#### Your task:
Whenever a line of the data below holds the string "forall", copy that line.

================

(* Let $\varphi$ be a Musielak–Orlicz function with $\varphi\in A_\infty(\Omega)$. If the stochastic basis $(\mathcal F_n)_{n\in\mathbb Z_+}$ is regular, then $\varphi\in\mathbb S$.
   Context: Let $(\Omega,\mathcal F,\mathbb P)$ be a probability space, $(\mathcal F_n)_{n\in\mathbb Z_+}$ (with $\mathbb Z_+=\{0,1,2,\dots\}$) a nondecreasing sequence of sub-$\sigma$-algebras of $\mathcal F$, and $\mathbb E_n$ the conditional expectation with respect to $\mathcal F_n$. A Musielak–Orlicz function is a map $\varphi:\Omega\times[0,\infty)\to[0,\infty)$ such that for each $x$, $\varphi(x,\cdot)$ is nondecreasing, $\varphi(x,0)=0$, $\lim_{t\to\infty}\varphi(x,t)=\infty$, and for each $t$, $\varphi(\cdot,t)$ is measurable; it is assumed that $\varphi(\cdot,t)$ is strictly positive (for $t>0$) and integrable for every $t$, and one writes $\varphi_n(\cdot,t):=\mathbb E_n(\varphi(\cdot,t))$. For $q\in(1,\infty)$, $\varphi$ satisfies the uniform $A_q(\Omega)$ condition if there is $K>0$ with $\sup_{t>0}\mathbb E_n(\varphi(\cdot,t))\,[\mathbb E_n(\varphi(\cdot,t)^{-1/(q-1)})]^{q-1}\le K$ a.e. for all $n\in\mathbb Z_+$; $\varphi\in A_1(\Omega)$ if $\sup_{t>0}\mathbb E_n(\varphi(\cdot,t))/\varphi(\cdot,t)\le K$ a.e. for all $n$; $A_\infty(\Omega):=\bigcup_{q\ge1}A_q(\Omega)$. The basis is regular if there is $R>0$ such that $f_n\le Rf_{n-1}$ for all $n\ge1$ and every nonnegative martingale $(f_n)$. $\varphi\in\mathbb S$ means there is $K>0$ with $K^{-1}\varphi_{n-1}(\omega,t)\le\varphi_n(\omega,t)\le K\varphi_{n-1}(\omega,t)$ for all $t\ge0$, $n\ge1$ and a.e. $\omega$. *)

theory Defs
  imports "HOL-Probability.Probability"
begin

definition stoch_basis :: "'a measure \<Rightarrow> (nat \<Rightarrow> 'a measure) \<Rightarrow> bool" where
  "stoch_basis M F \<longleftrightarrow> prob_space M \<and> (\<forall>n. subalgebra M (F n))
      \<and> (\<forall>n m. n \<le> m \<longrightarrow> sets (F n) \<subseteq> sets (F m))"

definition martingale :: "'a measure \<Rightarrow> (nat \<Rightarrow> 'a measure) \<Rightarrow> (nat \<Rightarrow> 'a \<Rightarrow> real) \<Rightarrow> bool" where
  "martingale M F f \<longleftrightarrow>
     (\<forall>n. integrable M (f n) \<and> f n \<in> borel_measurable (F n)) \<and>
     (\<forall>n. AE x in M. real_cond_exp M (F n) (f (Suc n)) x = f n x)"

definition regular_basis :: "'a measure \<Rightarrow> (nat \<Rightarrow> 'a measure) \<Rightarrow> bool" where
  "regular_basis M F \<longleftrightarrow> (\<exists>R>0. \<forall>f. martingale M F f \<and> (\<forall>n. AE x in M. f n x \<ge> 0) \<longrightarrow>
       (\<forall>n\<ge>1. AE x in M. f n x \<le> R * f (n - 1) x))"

================

#### Task response:
  "stoch_basis M F \<longleftrightarrow> prob_space M \<and> (\<forall>n. subalgebra M (F n))
      \<and> (\<forall>n m. n \<le> m \<longrightarrow> sets (F n) \<subseteq> sets (F m))"
     (\<forall>n. integrable M (f n) \<and> f n \<in> borel_measurable (F n)) \<and>
     (\<forall>n. AE x in M. real_cond_exp M (F n) (f (Suc n)) x = f n x)"
  "regular_basis M F \<longleftrightarrow> (\<exists>R>0. \<forall>f. martingale M F f \<and> (\<forall>n. AE x in M. f n x \<ge> 0) \<longrightarrow>
       (\<forall>n\<ge>1. AE x in M. f n x \<le> R * f (n - 1) x))"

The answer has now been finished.